(Task requirements) Instruction for the entries that follow: retype exactly the lines from the line with "using 2 that(2) by simp" to the line with "then 0 else", both included, and omit all others.

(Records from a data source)
(* Let $m\ge3$ and let $\lambda\colon[m]\to\mathbb{Z}_2^2$ be a $\mathbb{Z}_2$-characteristic map over $P_m$. Then $\lambda$ is real toric (i.e. the small cover $M(\lambda)$ is a real toric manifold) if and only if either $m=4$ and $\lambda$ is D-J equivalent to $\mathbf a\mathbf b\mathbf a\mathbf b$, or the image of $\lambda$ has exactly three elements. Equivalently, $\lambda$ is real toric unless $\lambda$ is D-J equivalent to $\Lambda_{2k}=\mathbf a\mathbf b\mathbf a\mathbf b\cdots\mathbf a\mathbf b$ (length $2k=m$) with $k\ge3$.
   Context: $P_m$ is the simplicial complex on $[m]$ with facets $\{i,i+1\}$ mod $m$. $\mathbf a=(1,0)^T$, $\mathbf b=(0,1)^T$, $\mathbf c=(1,1)^T$; a $\mathbb{Z}_2$-characteristic map over $P_m$ is a map $\lambda\colon[m]\to\{\mathbf a,\mathbf b,\mathbf c\}$ with $\lambda(i)\ne\lambda(i+1)$ mod $m$, written as a cyclic word; D-J equivalence is composition with an element of $GL(2,\mathbb{Z}_2)$. $\lambda$ is called real toric if there is a complete non-singular fan in $\mathbb{R}^2$ with exactly $m$ rays whose primitive generators $v_1,\dots,v_m\in\mathbb{Z}^2$, listed in cyclic (counterclockwise) order, satisfy: $i\mapsto v_i\bmod 2$ is D-J equivalent to $\lambda$. *)

theory Defs
  imports "HOL-Analysis.Analysis"
begin

text \<open>Vectors of Z_2^2 are modelled as pairs of booleans (True = 1, False = 0,
  addition = exclusive or). The vertex set [m] of P_m is indexed by 0..m-1,
  and the successor of i is (i+1) mod m.\<close>

type_synonym z2vec = "bool \<times> bool"

definition va :: z2vec where "va = (True, False)"
definition vb :: z2vec where "vb = (False, True)"
definition vc :: z2vec where "vc = (True, True)"

definition char_map :: "nat \<Rightarrow> (nat \<Rightarrow> z2vec) \<Rightarrow> bool" where
  "char_map m lam \<longleftrightarrow>
     (\<forall>i<m. lam i \<in> {va, vb, vc}) \<and> (\<forall>i<m. lam i \<noteq> lam (Suc i mod m))"

definition z2lin :: "bool \<Rightarrow> bool \<Rightarrow> bool \<Rightarrow> bool \<Rightarrow> z2vec \<Rightarrow> z2vec" where
  "z2lin p q r s x = ((p \<and> fst x) \<noteq> (q \<and> snd x), (r \<and> fst x) \<noteq> (s \<and> snd x))"

text \<open>Elements of GL(2,Z_2): linear maps whose determinant ps - qr is 1.\<close>
definition GL2Z2 :: "(z2vec \<Rightarrow> z2vec) set" where
  "GL2Z2 = {z2lin p q r s | p q r s. (p \<and> s) \<noteq> (q \<and> r)}"

definition dj_equiv :: "nat \<Rightarrow> (nat \<Rightarrow> z2vec) \<Rightarrow> (nat \<Rightarrow> z2vec) \<Rightarrow> bool" where
  "dj_equiv m lam mu \<longleftrightarrow> (\<exists>g\<in>GL2Z2. \<forall>i<m. mu i = g (lam i))"

definition mod2 :: "int \<times> int \<Rightarrow> z2vec" where
  "mod2 v = (odd (fst v), odd (snd v))"

definition det2 :: "int \<times> int \<Rightarrow> int \<times> int \<Rightarrow> int" where
  "det2 v w = fst v * snd w - snd v * fst w"

definition of_iv :: "int \<times> int \<Rightarrow> real \<times> real" where
  "of_iv v = (real_of_int (fst v), real_of_int (snd v))"

definition cone2 :: "real \<times> real \<Rightarrow> real \<times> real \<Rightarrow> (real \<times> real) set" where
  "cone2 u w = {s *\<^sub>R u + t *\<^sub>R w | s t. s \<ge> 0 \<and> t \<ge> 0}"

text \<open>v_0,...,v_{m-1} are the primitive ray generators, in counterclockwise cyclic
  order, of a complete non-singular fan in R^2 with exactly m rays. The 2-dimensional
  cones are cone(v_i, v_{i+1}); non-singularity together with the counterclockwise
  order means det(v_i, v_{i+1}) = 1; the fan condition is that distinct maximal cones
  have disjoint interiors (so they meet in a common face); completeness is that
  the cones cover R^2.\<close>
definition complete_nonsingular_fan2 :: "nat \<Rightarrow> (nat \<Rightarrow> int \<times> int) \<Rightarrow> bool" where
  "complete_nonsingular_fan2 m v \<longleftrightarrow>
     (\<forall>i<m. coprime (fst (v i)) (snd (v i))) \<and>
     inj_on v {..<m} \<and>
     (\<forall>i<m. det2 (v i) (v (Suc i mod m)) = 1) \<and>
     (\<Union>i<m. cone2 (of_iv (v i)) (of_iv (v (Suc i mod m)))) = UNIV \<and>
     (\<forall>i<m. \<forall>j<m. i \<noteq> j \<longrightarrow>
        interior (cone2 (of_iv (v i)) (of_iv (v (Suc i mod m)))) \<inter>
        interior (cone2 (of_iv (v j)) (of_iv (v (Suc j mod m)))) = {})"

definition real_toric :: "nat \<Rightarrow> (nat \<Rightarrow> z2vec) \<Rightarrow> bool" where
  "real_toric m lam \<longleftrightarrow>
     (\<exists>v. complete_nonsingular_fan2 m v \<and> dj_equiv m lam (\<lambda>i. mod2 (v i)))"

definition alt_ab :: "nat \<Rightarrow> z2vec" where
  "alt_ab i = (if even i then va else vb)"

end

theory Submission
  imports Defs
begin

text \<open>
  Consecutive rays v_k, v_(k+1) of a complete non-singular fan in the plane have determinant 1,
  hence v_(k-1) + v_(k+1) = a_k v_k with a_k = det(v_(k-1), v_(k+1)).

  If the characteristic map takes three values, some vertex has neighbours of different colours
  and a colour that also occurs elsewhere. Deleting it leaves a characteristic map with three
  colours on one vertex less, realised by a fan by induction; inserting the sum of the two
  neighbouring rays (a star subdivision) realises the original map, because the colour of the
  deleted vertex is forced to be the sum of the two neighbouring colours. The induction starts from
  the fan (1,0), (0,1), (-1,-1); the word abab is realised by the four coordinate rays.

  If the map is equivalent to abab...ab of length at least 6, then v_(k-1) = v_(k+1) and v_k is
  nonzero modulo 2, so every a_k is even. At a longest ray this forces v_(k-1) = -v_(k+1). All
  other rays then lie strictly on one side of the line through v_(k+1); their heights above it
  vanish at both ends, are positive in between and satisfy h_(i-1) + h_(i+1) = a h_i with even a,
  which is impossible at the first maximum of h.
\<close>

section \<open>Cones in the plane\<close>

definition det2r :: "real \<times> real \<Rightarrow> real \<times> real \<Rightarrow> real" where
  "det2r x y = fst x * snd y - snd x * fst y"

definition open_cone2 :: "real \<times> real \<Rightarrow> real \<times> real \<Rightarrow> (real \<times> real) set" where
  "open_cone2 u w = {x. 0 < det2r x w \<and> 0 < det2r u x}"

lemma det2r_add_left: "det2r (x + y) z = det2r x z + det2r y z"
  and det2r_add_right: "det2r z (x + y) = det2r z x + det2r z y"
  and det2r_scaleR_left: "det2r (c *\<^sub>R x) z = c * det2r x z"
  and det2r_scaleR_right: "det2r z (c *\<^sub>R x) = c * det2r z x"
  and det2r_minus_right: "det2r z (- x) = - det2r z x"
  and det2r_self: "det2r x x = 0"
  and det2r_commute: "det2r y x = - det2r x y"
  by (simp_all add: det2r_def algebra_simps)

lemmas det2r_simps = det2r_add_left det2r_add_right det2r_scaleR_left det2r_scaleR_right
  det2r_minus_right det2r_self

lemma of_iv_add: "of_iv (a + b) = of_iv a + of_iv b"
  and of_iv_minus: "of_iv (- a) = - of_iv a"
  by (simp_all add: of_iv_def)

lemma det2r_of_iv [simp]: "det2r (of_iv a) (of_iv b) = of_int (det2 a b)"
  by (simp add: det2r_def of_iv_def det2_def)

lemma det2r_eq_1_nonzero:
  assumes "det2r u w = 1" shows "u \<noteq> 0" "w \<noteq> 0"
  using assms by (auto simp: det2r_def)

lemma cone2_iff:
  assumes "det2r u w = 1"
  shows "x \<in> cone2 u w \<longleftrightarrow> 0 \<le> det2r x w \<and> 0 \<le> det2r u x"
proof
  assume "x \<in> cone2 u w"
  then show "0 \<le> det2r x w \<and> 0 \<le> det2r u x"
    using assms by (auto simp: cone2_def det2r_simps det2r_commute[of w u])
next
  assume "0 \<le> det2r x w \<and> 0 \<le> det2r u x"
  moreover have "x = det2r x w *\<^sub>R u + det2r u x *\<^sub>R w"
  proof -
    obtain a b c d e f where "x = (a, b)" "u = (c, d)" "w = (e, f)"
      by (metis prod.exhaust)
    moreover have "a = a * (c * f - d * e)" "b = b * (c * f - d * e)"
      using assms \<open>u = (c, d)\<close> \<open>w = (e, f)\<close> by (simp_all add: det2r_def)
    ultimately show ?thesis
      by (simp add: det2r_def algebra_simps)
  qed
  ultimately show "x \<in> cone2 u w"
    unfolding cone2_def by blast
qed

lemma interior_cone2:
  assumes "det2r u w = 1"
  shows "interior (cone2 u w) = open_cone2 u w"
proof -
  have "det2r x w = (snd w, - fst w) \<bullet> x" "det2r u x = (- snd u, fst u) \<bullet> x" for x
    by (simp_all add: det2r_def inner_prod_def algebra_simps)
  moreover have "(snd w, - fst w) \<noteq> 0" "(- snd u, fst u) \<noteq> 0"
    using det2r_eq_1_nonzero[OF assms] by (auto simp: zero_prod_def prod_eq_iff)
  moreover have "cone2 u w = {x. 0 \<le> (snd w, - fst w) \<bullet> x} \<inter> {x. 0 \<le> (- snd u, fst u) \<bullet> x}"
    using cone2_iff[OF assms] calculation(1,2) by auto
  ultimately show ?thesis
    by (simp add: open_cone2_def Collect_conj_eq)
qed

lemma open_cone2_subdivide:
  "open_cone2 u (u + w) \<subseteq> open_cone2 u w"
  "open_cone2 (u + w) w \<subseteq> open_cone2 u w"
  "open_cone2 u (u + w) \<inter> open_cone2 (u + w) w = {}"
  by (auto simp: open_cone2_def det2r_def algebra_simps)

lemma cone2_subdivide:
  assumes "det2r u w = 1"
  shows "cone2 u w \<subseteq> cone2 u (u + w) \<union> cone2 (u + w) w"
proof -
  have "det2r u (u + w) = 1" "det2r (u + w) w = 1"
    using assms by (simp_all add: det2r_simps det2r_commute[of w u])
  then show ?thesis
    using assms by (auto simp: cone2_iff det2r_def algebra_simps)
qed

lemma eventually_affine_pos:
  fixes a b :: real
  assumes "0 < a"
  shows "eventually (\<lambda>t. 0 < a + t * b) (at_right 0)"
proof -
  have "((\<lambda>t. a + t * b) \<longlongrightarrow> a + 0 * b) (at_right 0)"
    by (intro tendsto_intros)
  then show ?thesis
    using assms by (simp add: order_tendstoD(1))
qed

lemma eventually_affine_nonzero:
  fixes a b :: real
  assumes "a \<noteq> 0 \<or> b \<noteq> 0"
  shows "eventually (\<lambda>t. a + t * b \<noteq> 0) (at_right 0)"
proof (cases "a = 0")
  case True
  then show ?thesis
    using assms by (auto intro: eventually_mono[OF eventually_at_right_less])
next
  case False
  have "((\<lambda>t. a + t * b) \<longlongrightarrow> a + 0 * b) (at_right 0)"
    by (intro tendsto_intros)
  then show ?thesis
    using False by (intro tendsto_imp_eventually_ne) simp_all
qed

section \<open>Cyclic indices\<close>

lemma rotate_mod_inj:
  fixes m :: nat
  assumes "x < m" "y < m" "(x + s) mod m = (y + s) mod m"
  shows "x = y"
proof -
  have "(int x + int s) mod int m = (int y + int s) mod int m"
    using assms(3) by (metis of_nat_add zmod_int)
  then have "int x mod int m = int y mod int m"
    by (metis add_diff_cancel_right' mod_diff_left_eq)
  then show ?thesis
    using assms(1,2) by simp
qed

lemma rotate_mod_Suc: "(Suc k mod m + s) mod m = Suc ((k + s) mod m) mod (m :: nat)"
  by (metis add_Suc mod_Suc_eq mod_add_left_eq)

lemma rotate_mod_image: "0 < m \<Longrightarrow> (\<lambda>k. (k + s) mod m) ` {..<m} = {..<(m :: nat)}"
  by (rule endo_inj_surj) (auto intro: inj_onI rotate_mod_inj)

lemma rotate_mod_image_remove:
  assumes "i < Suc m"
  shows "(\<lambda>k. (k + Suc i) mod Suc m) ` {..<m} = {..<Suc m} - {i}"
proof -
  let ?r = "\<lambda>k. (k + Suc i) mod Suc m"
  have "inj_on ?r {..<Suc m}"
    by (rule inj_onI, rule rotate_mod_inj[where s = "Suc i"]) auto
  have "m + Suc i = i + Suc m"
    by simp
  then have last: "?r ` {m} = {i}"
    by (simp only: image_insert image_empty mod_add_self2 mod_less[OF assms])
  have "{..<m} = {..<Suc m} - {m}"
    by auto
  also have "?r ` ({..<Suc m} - {m}) = ?r ` {..<Suc m} - ?r ` {m}"
    using \<open>inj_on ?r {..<Suc m}\<close> by (rule inj_on_image_set_diff) auto
  also have "?r ` {..<Suc m} = {..<Suc m}"
    by (rule rotate_mod_image) simp
  finally show ?thesis
    by (simp only: last)
qed

lemma fun_upd_last_consecutive_cases:
  assumes "0 < m" "i < Suc m"
  obtains "i < m - 1" "(v(m := p)) i = v i" "(v(m := p)) (Suc i mod Suc m) = v (Suc i mod m)"
  | "i = m - 1" "(v(m := p)) i = v (m - 1)" "(v(m := p)) (Suc i mod Suc m) = p"
  | "i = m" "(v(m := p)) i = p" "(v(m := p)) (Suc i mod Suc m) = v 0"
proof -
  consider "i < m - 1" | "i = m - 1" | "i = m"
    using assms by arith
  then show thesis
  proof cases
    case 1
    then have "i \<noteq> m" "Suc i \<noteq> m" "Suc i mod Suc m = Suc i" "Suc i mod m = Suc i"
      by auto
    then show thesis
      using 1 that(1) by simp
  next
    case 2
    then have "i \<noteq> m" "Suc i mod Suc m = m"
      using assms(1) by simp_all
    then show thesis
      using 2 that(2) by simp
  qed (use assms(1) that(3) in simp)
qed

definition cyc_succ :: "nat \<Rightarrow> nat \<Rightarrow> nat" where
  "cyc_succ n i = Suc i mod n"

definition cyc_pred :: "nat \<Rightarrow> nat \<Rightarrow> nat" where
  "cyc_pred n i = (i + n - 1) mod n"

lemma cyc_succ_eq: "i < n \<Longrightarrow> cyc_succ n i = (if Suc i = n then 0 else Suc i)"
  by (cases "Suc i = n") (simp_all add: cyc_succ_def)

lemma cyc_pred_eq: "i < n \<Longrightarrow> cyc_pred n i = (if i = 0 then n - 1 else i - 1)"
  by (cases i) (simp_all add: cyc_pred_def)

lemma cyc_succ_less: "0 < n \<Longrightarrow> cyc_succ n i < n"
  and cyc_pred_less: "0 < n \<Longrightarrow> cyc_pred n i < n"
  by (simp_all add: cyc_succ_def cyc_pred_def)

lemma cyc_succ_pred: "i < n \<Longrightarrow> cyc_succ n (cyc_pred n i) = i"
  and cyc_pred_succ: "i < n \<Longrightarrow> cyc_pred n (cyc_succ n i) = i"
  using cyc_pred_less[of n i] cyc_succ_less[of n i] by (auto simp: cyc_succ_eq cyc_pred_eq)

lemma cyc_neighbours_distinct:
  assumes "4 \<le> n" "i < n"
  shows "cyc_succ n i \<noteq> i" "cyc_succ n (cyc_succ n i) \<noteq> i"
    "cyc_succ n (cyc_succ n i) \<noteq> cyc_pred n i" "cyc_pred n (cyc_pred n i) \<noteq> i"
  using assms cyc_succ_less[of n i] cyc_pred_less[of n i] by (auto simp: cyc_succ_eq cyc_pred_eq)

(Solved exercise)
      using 2 that(2) by simp
  qed (use assms(1) that(3) in simp)
qed

definition cyc_succ :: "nat \<Rightarrow> nat \<Rightarrow> nat" where
  "cyc_succ n i = Suc i mod n"

definition cyc_pred :: "nat \<Rightarrow> nat \<Rightarrow> nat" where
  "cyc_pred n i = (i + n - 1) mod n"

lemma cyc_succ_eq: "i < n \<Longrightarrow> cyc_succ n i = (if Suc i = n then 0 else Suc i)"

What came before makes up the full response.